The tailor measured Shorty’s leg, shaking his head.
‘How’s business?’ asked Nashville.
‘Very bad,’ said Sam Singh. ‘Nobody is having the big balls any more. There is no société in Vung Tau. Now there is only Australians.’
He looked at Shorty sadly, as if he had driven away the French.
‘Also, there is the problem at Le Boudin,’ said the tailor. ‘You have turned this town into a brothel. The VC accept this, but they do not like it. When they win, they will close down the whorehouses and send the bar owners into camps.’

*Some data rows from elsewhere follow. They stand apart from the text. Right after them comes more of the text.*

definition Delta :: "'a measure \<Rightarrow> ('a \<Rightarrow> 'x) \<Rightarrow> ('x \<Rightarrow> int)
    \<Rightarrow> (real \<Rightarrow> ereal) \<Rightarrow> (int \<times> int \<Rightarrow> real) \<Rightarrow> int \<Rightarrow> real" where
  "Delta M X h f g y =
     (\<integral>\<omega>. g (h (X \<omega>), y) \<partial>M) - (\<integral>\<omega>. real_of_ereal (fconj f (g (h (X \<omega>), y))) \<partial>M)"

definition Bias :: "real \<Rightarrow> real \<Rightarrow> 'a measure \<Rightarrow> ('a \<Rightarrow> 'x) \<Rightarrow> ('x \<Rightarrow> int)
    \<Rightarrow> (real \<Rightarrow> ereal) \<Rightarrow> (int \<times> int \<Rightarrow> real) \<Rightarrow> real" where
  "Bias ep em M X h f g = ep * Delta M X h f g (-1) + em * Delta M X h f g 1"

end

theory Submission
  imports Defs
begin

text \<open>Since the noisy label depends on \<open>X\<close> only through \<open>Y\<close>, the joint law of \<open>(h(X), \<tilde>Y)\<close>
  is the joint law of \<open>(h(X), Y)\<close> pushed through the noise kernel, and likewise for the
  marginals of the labels. The noise kernel is \<open>1 - e\<^sub>+ - e\<^sub>-\<close> times the identity plus the
  kernel that replaces every label by \<open>-1\<close> with probability \<open>e\<^sub>+\<close> and by \<open>+1\<close> with
  probability \<open>e\<^sub>-\<close>; the latter forgets \<open>Y\<close>, so in both \<open>\<tilde>P\<close> and \<open>\<tilde>Q\<close> it leaves only the
  law of \<open>h(X)\<close>, which produces \<open>Bias\<^sub>f\<close>.\<close>

lemma sum_labels: "(\<Sum>y\<in>labels. \<phi> y) = \<phi> 1 + \<phi> (-1)"
  by (simp add: labels_def add.commute)

lemma lexp_eq_sum_labels: "lexp L \<phi> = (\<Sum>a\<in>labels. \<Sum>y\<in>labels. L (a, y) * \<phi> (a, y))"
  unfolding lexp_def by (simp add: sum.cartesian_product labels_def)

lemma (in finite_measure) measure_split_label:
  assumes [measurable]: "Measurable.pred M P" "V \<in> M \<rightarrow>\<^sub>M count_space UNIV"
    and "\<forall>\<omega>\<in>space M. V \<omega> \<in> labels"
  shows "measure M {\<omega>\<in>space M. P \<omega>}
       = (\<Sum>y\<in>labels. measure M {\<omega>\<in>space M. P \<omega> \<and> V \<omega> = y})"
proof -
  have "{\<omega>\<in>space M. P \<omega>} = {\<omega>\<in>space M. P \<omega> \<and> V \<omega> = 1} \<union> {\<omega>\<in>space M. P \<omega> \<and> V \<omega> = -1}"
    using assms(3) by (auto simp: labels_def)
  moreover have "measure M ({\<omega>\<in>space M. P \<omega> \<and> V \<omega> = 1} \<union> {\<omega>\<in>space M. P \<omega> \<and> V \<omega> = -1})
      = measure M {\<omega>\<in>space M. P \<omega> \<and> V \<omega> = 1} + measure M {\<omega>\<in>space M. P \<omega> \<and> V \<omega> = -1}"
    by (rule finite_measure_Union) (measurable, auto)
  ultimately show ?thesis by (simp add: sum_labels)
qed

‘They won’t win,’ said Shorty.
‘Until then,’ said Sam Singh, ‘we must all continue our business and try to get along.’
He gave Shorty his pattern book. Shorty chose a dark suit with a three-button jacket and narrow lapels, while Sam Singh talked over his shoulder at Nashville.
‘Cooperation is a matter for all of us,’ said Sam Singh. ‘Including your Sergeant Caution. He was out of control even before he shot the body. It was noticed, Nashville. The people of this town have had enoug
h of him.’
‘Is he dead?’ asked Nashville, fishing for an excuse not to look for him.

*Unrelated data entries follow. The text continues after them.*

lemma positive_probability_if_line_gathering:
  assumes distinct: "x0 True \<noteq> x0 False" and frames: "\<And>i k. fst (F i k) \<noteq> 0"
    and "finite K" and "\<And>i k. (i, k) \<in> K \<Longrightarrow> c i k \<in> gather_coefs (speed_ratio s)"
    and gathering: "\<And>c'. (\<And>i k. (i, k) \<in> K \<Longrightarrow> c' i k = c i k) \<Longrightarrow>
      line_gathering W C (\<lambda>i. s i / cmod (x0 True - x0 False)) c'"
  shows "gathers_with_positive_probability gather_alg s x0 F W C"
proof -
  obtain A where "A \<in> sets coin_space" "0 < emeasure coin_space A"
    and A: "\<And>\<omega> i k. \<omega> \<in> A \<Longrightarrow> (i, k) \<in> K \<Longrightarrow> gather_coef (speed_ratio s) (\<lambda>j. \<omega> (i, k, j)) = c i k"
    by (rule coin_space_gather_coefs[OF assms(3,4)]) auto
  moreover have "gathers gather_alg (speed_ratio s) s x0 F W C (\<lambda>i k j. \<omega> (i, k, j))" if "\<omega> \<in> A" for \<omega>
  proof (rule gathers_if_line_gathering[OF distinct frames], rule gathering)
    fix i k assume "(i, k) \<in> K"
    with that show "gather_coef (speed_ratio s) (\<lambda>j. \<omega> (i, k, j)) = c i k" by (rule A)
  qed
  ultimately show ?thesis
    unfolding gathers_with_positive_probability_def by (intro bexI[of _ A]) simp_all
qed

lemma coincident_with_positive_probability:
  assumes "x0 True = x0 False"
  shows "gathers_with_positive_probability alg s x0 F W C"
  using coin_space_cylinder[of "{}" "\<lambda>_. True"] gathers_coincident[OF assms]
  unfolding gathers_with_positive_probability_def by (intro bexI[of _ UNIV]) auto

lemma chase_with_positive_probability:
  assumes speeds: "\<And>i. 0 < s i" and frames: "\<And>i k. fst (F i k) \<noteq> 0"
    and undelayed: "\<And>k. W False k = 0" "\<And>k. C False k = 0"
    and delays: "\<And>k. 0 \<le> W True k" "\<And>k. 0 \<le> C True k"
    and distinct: "x0 True \<noteq> x0 False"
    and reached: "cmod (x0 True - x0 False) / s False \<le> W True 0 + C True 0"
  shows "gathers_with_positive_probability gather_alg s x0 F W C"
proof (rule positive_probability_if_line_gathering[OF distinct frames])
  show "finite {(False, 0), (True, 0 :: nat)}" by simp
  show "(if i then 0 else 1) \<in> gather_coefs (speed_ratio s)" for i :: bool
    by (simp add: gather_coefs_def)
  fix c' :: "bool \<Rightarrow> nat \<Rightarrow> real"
  assume "\<And>i k. (i, k) \<in> {(False, 0), (True, 0)} \<Longrightarrow> c' i k = (if i then 0 else 1)"
  then show "line_gathering W C (\<lambda>i. s i / cmod (x0 True - x0 False)) c'"
    using speeds distinct reached by (intro line_gathering_chase undelayed delays) auto
qed

lemma exists_power_between:
  fixes \<rho> y :: real
  assumes "0 < \<rho>" "\<rho> < 1" "0 < y" "y \<le> 1"
  shows "\<exists>k. \<rho> * y \<le> \<rho> ^ k \<and> \<rho> ^ k < y"
proof -
  have ex: "\<exists>k. \<rho> ^ k < y" using real_arch_pow_inv assms by blast
  define k where "k = (LEAST k. \<rho> ^ k < y)"
  have below: "\<rho> ^ k < y" unfolding k_def by (rule LeastI_ex[OF ex])
  then obtain j where j: "k = Suc j" using assms by (cases k) auto
  then have "\<not> \<rho> ^ j < y" unfolding k_def by (metis lessI not_less_Least)
  then have "\<rho> * y \<le> \<rho> ^ k" using j assms by (simp add: mult_left_mono)
  with below show ?thesis by blast
qed

lemma geometric_coef_between:
  fixes p q M :: real
  assumes p: "0 < p" and q: "0 < q" and M: "0 \<le> M" "p * M < 1"
  shows "\<exists>m. let a = 1 - (1 - p / (p + q) / 2) ^ m in M < a / p \<and> a < 1 - (a / p - M) * q"
proof -
  define f where "f = p / (p + q)"
  define \<rho> where "\<rho> = 1 - f / 2"
  have f: "0 < f" "f < 1" using p q by (simp_all add: f_def)
  obtain m where m: "\<rho> * (1 - p * M) \<le> \<rho> ^ m" "\<rho> ^ m < 1 - p * M"
    using exists_power_between[of \<rho> "1 - p * M"] f M p by (auto simp: \<rho>_def)
  define a where "a = 1 - \<rho> ^ m"
  have "p * M < a" using m(2) by (simp add: a_def)
  then have late: "M < a / p" using p by (simp add: field_simps)
  have "(1 - f) * (1 - p * M) < \<rho> * (1 - p * M)"
    using f M by (intro mult_strict_right_mono) (simp_all add: \<rho>_def)
  then have "a < f + (1 - f) * (p * M)" using m(1) by (simp add: a_def algebra_simps)
  moreover have "f + (1 - f) * (p * M) = (p + q * (p * M)) / (p + q)"
  proof -
    have "1 - f = q / (p + q)" using p q by (simp add: f_def field_simps)
    then show ?thesis by (simp add: f_def add_divide_distrib)
  qed
  ultimately have "a * (p + q) < p + q * (p * M)"
    using p q by (simp add: pos_less_divide_eq)
  moreover have "(1 - (a / p - M) * q) * p = p - a * q + q * (p * M)"
    using p by (simp add: field_simps)
  ultimately have "a * p < (1 - (a / p - M) * q) * p"
    by (simp add: algebra_simps)
  then have ahead: "a < 1 - (a / p - M) * q" using p by simp
  show ?thesis using late ahead unfolding Let_def a_def \<rho>_def f_def by blast
qed

lemma meeting_with_positive_probability:
  assumes speeds: "\<And>i. 0 < s i" and frames: "\<And>i k. fst (F i k) \<noteq> 0"
    and undelayed: "\<And>k. W False k = 0" "\<And>k. C False k = 0"
    and delays: "\<And>k. 0 \<le> W True k" "\<And>k. 0 \<le> C True k"
    and distinct: "x0 True \<noteq> x0 False"
    and far: "W True 0 + C True 0 < cmod (x0 True - x0 False) / s False"
  shows "gathers_with_positive_probability gather_alg s x0 F W C"
proof -
  define v where "v i = s i / cmod (x0 True - x0 False)" for i
  define f where "f = v False / (v False + v True)"
  have v: "0 < v False" "0 < v True" using speeds distinct by (simp_all add: v_def)
  have "0 \<le> W True 0 + C True 0" using delays by (simp add: add_nonneg_nonneg)
  moreover have "v False * (W True 0 + C True 0) < 1"
    using far speeds distinct by (simp add: v_def field_simps)
  ultimately obtain m where "let a = 1 - (1 - f / 2) ^ m in
      W True 0 + C True 0 < a / v False \<and> a < 1 - (a / v False - (W True 0 + C True 0)) * v True"
    using geometric_coef_between[OF v] unfolding f_def by blast
  then obtain a where a: "a = 1 - (1 - f / 2) ^ m" and late: "W True 0 + C True 0 < a / v False"
    and ahead: "a < 1 - (a / v False - (W True 0 + C True 0)) * v True"
    unfolding Let_def by blast
  have f_speeds: "f = meeting_fraction (speed_ratio s) (s True \<le> s False)"
    using meeting_fraction_speed_ratio[of s False] speeds distinct
    by (simp add: f_def v_def add_divide_distrib[symmetric])
  show ?thesis
  proof (rule positive_probability_if_line_gathering[OF distinct frames,
        where K = "UNIV \<times> {0, 1}" and c = "\<lambda>i k. if i then 1 else if k = 0 then a else f"])
    show "finite ((UNIV :: bool set) \<times> {0, 1 :: nat})" by simp
    show "(if i then 1 else if k = 0 then a else f) \<in> gather_coefs (speed_ratio s)" for i k
      unfolding gather_coefs_def a f_speeds by auto
    fix c' :: "bool \<Rightarrow> nat \<Rightarrow> real"
    assume "\<And>i k. (i, k) \<in> UNIV \<times> {0, 1} \<Longrightarrow> c' i k = (if i then 1 else if k = 0 then a else f)"
    then interpret meeting_run W C v c' a
      using v undelayed delays late ahead by unfold_locales (simp_all add: f_def)
    show "line_gathering W C (\<lambda>i. s i / cmod (x0 True - x0 False)) c'"
      using line_gathering_meeting unfolding v_def .
  qed
qed

theorem theorem4:
  shows "\<exists>alg :: algorithm. \<forall>(s :: bool \<Rightarrow> real) (x0 :: bool \<Rightarrow> complex)
           (F :: bool \<Rightarrow> nat \<Rightarrow> frame) (W :: bool \<Rightarrow> nat \<Rightarrow> real) (C :: bool \<Rightarrow> nat \<Rightarrow> real).
     (\<forall>i. 0 < s i) \<and> (\<forall>i k. fst (F i k) \<noteq> 0) \<and>
     (\<forall>k. W False k = 0 \<and> C False k = 0) \<and>
     (\<forall>k. 0 \<le> W True k \<and> 0 \<le> C True k) \<longrightarrow>
     (\<exists>A\<in>sets coin_space. 0 < emeasure coin_space A \<and>
        (\<forall>\<omega>\<in>A. gathers alg (speed_ratio s) s x0 F W C (\<lambda>i k j. \<omega> (i, k, j))))"
proof (intro exI[of _ gather_alg] allI impI)
  fix s :: "bool \<Rightarrow> real" and x0 :: "bool \<Rightarrow> complex" and F :: "bool \<Rightarrow> nat \<Rightarrow> frame"
    and W C :: "bool \<Rightarrow> nat \<Rightarrow> real"
  assume "(\<forall>i. 0 < s i) \<and> (\<forall>i k. fst (F i k) \<noteq> 0) \<and>
    (\<forall>k. W False k = 0 \<and> C False k = 0) \<and> (\<forall>k. 0 \<le> W True k \<and> 0 \<le> C True k)"
  then have speeds: "\<And>i. 0 < s i" and frames: "\<And>i k. fst (F i k) \<noteq> 0"
    and undelayed: "\<And>k. W False k = 0" "\<And>k. C False k = 0"
    and delays: "\<And>k. 0 \<le> W True k" "\<And>k. 0 \<le> C True k"
    by auto
  have "gathers_with_positive_probability gather_alg s x0 F W C"
  proof (cases "x0 True = x0 False")
    case True
    then show ?thesis by (rule coincident_with_positive_probability)
  next
    case False
    then show ?thesis
      using chase_with_positive_probability[OF speeds frames undelayed delays False]
        meeting_with_positive_probability[OF speeds frames undelayed delays False]
      by (cases "cmod (x0 True - x0 False) / s False \<le> W True 0 + C True 0") auto
  qed
  then show "\<exists>A\<in>sets coin_space. 0 < emeasure coin_space A \<and>
      (\<forall>\<omega>\<in>A. gathers gather_alg (speed_ratio s) s x0 F W C (\<lambda>i k j. \<omega> (i, k, j)))"
    unfolding gathers_with_positive_probability_def .
qed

‘Do not interfere with corpses,’ said Sam Singh.
Clouds gathered over the hills, as Shorty and Nashville drove down Highway One to Long Binh, in a jeep with an M60 machine gun mounted on the back. They had a driver – PFC Simpson, from Simpson, Illinois, who worked as the Captain’s batman – and Eagle came along as their gunner. Shorty had volunteered to join the convoy because Betty was ‘busy’ at the hospital that night, even though it wasn’t her shift.
Simpson from Simpson said he had the best job on the base, as it meant he could drink the Captain’s liquor and smoke his pipes. He had even worn the Captain’s underwear to fuck the Captain’s hoochmaid. Every GI in Vung Tau was jealous, which is why he kept being lent out for bullshit details such as escorting Nashville to Long Binh.
The jeep joined a circus of US Army trucks and tankers with thick tyres, heavy smoke and dull, green armour, the war rolling in and out of Saigon. Shorty felt a sense of common purpose, the idea that he was part of the same invincible fighting force that had helped save Europe from the Nazis and Australia from the Japs. He thought the US Army was his army. Nashville hated all this military stuff.
‘Remember when I got attacked by all those VC?’ Shorty asked Nashville.
‘You never fucking shut up about it,’ said Nashville.
‘And they tried to drag me into their hole —’
‘It was junior VC, wasn’t it?’ asked Nashville. ‘Schoolboys? Must’ve been their youth wing.’
‘Well, I’ve been thinking,’ said Shorty, ‘maybe that’s where they’re keeping Sergeant Caution. Underground, in the sewers.’
Nashville smiled. ‘The idea appeals to me,’ he said, ‘because TJ is a sewer rat. But, like the curious incident of the dog in the night-time, it hinges on a single fucking absence: there are no sewers in Vung Tau.’
Shorty mused unentertainingly about the identity of the Mamasan. He believed the Mamasan was a male, who had adopted a female title to throw people off the scent. Shorty always suspected somebody was trying to throw him off the scent, although Nashville had yet to get a sniff of any scent at all.